Вариант поехать в больницу, а потом вернуться и солгать Стефану, что умертвил бывшую жену или что она умерла сама, Ян даже не рассматривал. У Стефана остались связи с последнего места работы, и при желании он легко наведёт справки о пациенте.
Есть и другой вариант сохранить жизнь и Лее, и самому Яну: предать Стефана, пойти в полицию и сдать ей Викария. Рассказать о подвале больницы и о пленниках с вырезанными кусками мозга. Представить Стефана сумасшедшим маньяком, каким его и так считает весь город. Но что будет дальше? Полиция устроит рейд, повяжет Стефана. Но тогда вся их работа станет бессмысленной: Дети Иаира продолжат переселяться в жителей Сигора, и даже пленники Стефана рано или поздно обретут свободу – со смертью их нынешних тел. Стефан и Марта сядут на пожизненное и, скорее всего, в тюрьму до конца своих дней попадёт и Ян. Его участие в последних похищениях и операциях так или иначе раскроют. А в историю о Тихом Мире и переселении душ в любом случае никто не поверит.
Черепная коробка пациента была уже вскрыта, Стефан ожесточённо работал, проводя разрезы между бороздами коры больших полушарий. Когда Ян предложил свою помощь, Стефан только тряхнул головой и велел Яну отойти назад и не лезть под руку. Ян повиновался.
Теперь он задумчиво разглядывал спину партнёра, склонившегося над распластанным на хирургическом столе телом. Рука Яна, которой он опёрся на стол с инструментами, нечаянно коснулась ручки скальпеля.
Нет, есть ещё один вариант. И, если всё получится, то и Лея выживет, и Ян останется на свободе, и их работа будет продолжена.
Он должен вывести из игры самого Стефана.
Пускай Яну ещё не приходилось проводить операции полностью самостоятельно, но он справится. Он два месяца каждый день тренировался на муляжах под чутким руководством хирурга. Они вместе провели три операции, не считая самую первую, с Шарлоттой. Он чётко усвоил алгоритм действий, каждое движение было уже по многу раз отработано.

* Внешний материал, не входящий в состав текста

(* For the system of $N$ symplectic point vortices in $\mathbb R^{2m}$ (the Hamiltonian system on $(\mathbb R^{2m})^N$ with Poisson bracket $\{f,g\}=\sum_{j=1}^N\frac1{\Gamma_j}\sum_{\alpha=1}^m\big(\frac{\partial f}{\partial x_{j,\alpha}}\frac{\partial g}{\partial y_{j,\alpha}}-\frac{\partial f}{\partial y_{j,\alpha}}\frac{\partial g}{\partial x_{j,\alpha}}\big)$ and Hamiltonian $\mathcal H=2C(2m)\sum_{j<k}\Gamma_j\Gamma_k|\tilde z_j-\tilde z_k|^{2-2m}$ for $m>1$, resp. $\mathcal H=-\frac1{4\pi}\sum_{j<k}\Gamma_j\Gamma_k\ln|\tilde z_j-\tilde z_k|^2$ for $m=1$), the functions $$\mathcal H,\qquad F^+_{\alpha\alpha}=\sum_{j=1}^N\Gamma_j(x_{j,\alpha}^2+y_{j,\alpha}^2),\qquad Q_\alpha^2+P_\alpha^2\quad(1\le\alpha\le m),$$ where $Q_\alpha=\sum_{j}\Gamma_jx_{j,\alpha}$ and $P_\alpha=\sum_j\Gamma_jy_{j,\alpha}$, provide $2m+1$ first integrals in involution on $(\mathbb R^{2m})^N$.
   Context: $\tilde z_j=(x_{j,1},\dots,x_{j,m},y_{j,1},\dots,y_{j,m})\in\mathbb R^{2m}$ is the position of the $j$-th vortex, $\Gamma_j\neq0$ are real vortex strengths, $|\cdot|$ is the Euclidean norm, and $C(2m)$ is the constant with $\Delta(C(2m)|\tilde z|^{2-2m})=\delta$ in $\mathbb R^{2m}$. The equations of motion are $\Gamma_j\dot x_{j,\alpha}=\partial\mathcal H/\partial y_{j,\alpha}$, $\Gamma_j\dot y_{j,\alpha}=-\partial\mathcal H/\partial x_{j,\alpha}$. "In involution" means pairwise Poisson commuting. *)

theory Defs
  imports "HOL-Analysis.Analysis"
begin

text \<open>Phase space (R^{2m})^N: a configuration z assigns to each vortex j (index type 'n,
  N = CARD('n)) and each alpha (index type 'm, m = CARD('m)) the pair
  (x_{j,alpha}, y_{j,alpha}).  Then z$j is the position of vortex j in R^{2m},
  and norm (z$j) is its Euclidean norm.\<close>

type_synonym ('m, 'n) phase = "((real \<times> real) ^ 'm) ^ 'n"

definition xco :: "('m::finite, 'n::finite) phase \<Rightarrow> 'n \<Rightarrow> 'm \<Rightarrow> real" where
  "xco z j a = fst (z $ j $ a)"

К тому же, Стефан сознательно готовил Яна к самостоятельной работе – клозапин уже почти не помогал Викарию, и он прекрасно отдавал себе отчёт, что рано или поздно Ян останется один.
Пальцы Яна побежали по ручке скальпеля и коснулись лезвия.
Процедура постепенно подходила к концу, Ян помог Стефану установить на череп металлические пластины и закрутил винты. Стефан стал аккуратно ощупывать голову пленника, чтобы проверить плотность соединений металла и черепной кости. Воспользовавшись тем, что хирург полностью сосредоточен на процессе, Ян сделал пару шагов назад, вынул из кармана халата скальпель и крепко сжал его в руке.
Сейчас или никогда. Когда Стефан закончит осмотр, застать его врасплох будет гораздо труднее.
Стефан должен умереть.
И всё же Ян медлил. Скальпель дрожал в его руке. Именно теперь, когда нужно было действовать, Ян не мог заставить себя сделать решительный шаг. Он боролся с собой, напоминая себе снова и снова, что, если Стефан не умрёт – умрёт Лея. Или он сам. Только так Ян может всё прекратить. Обязан прекратить.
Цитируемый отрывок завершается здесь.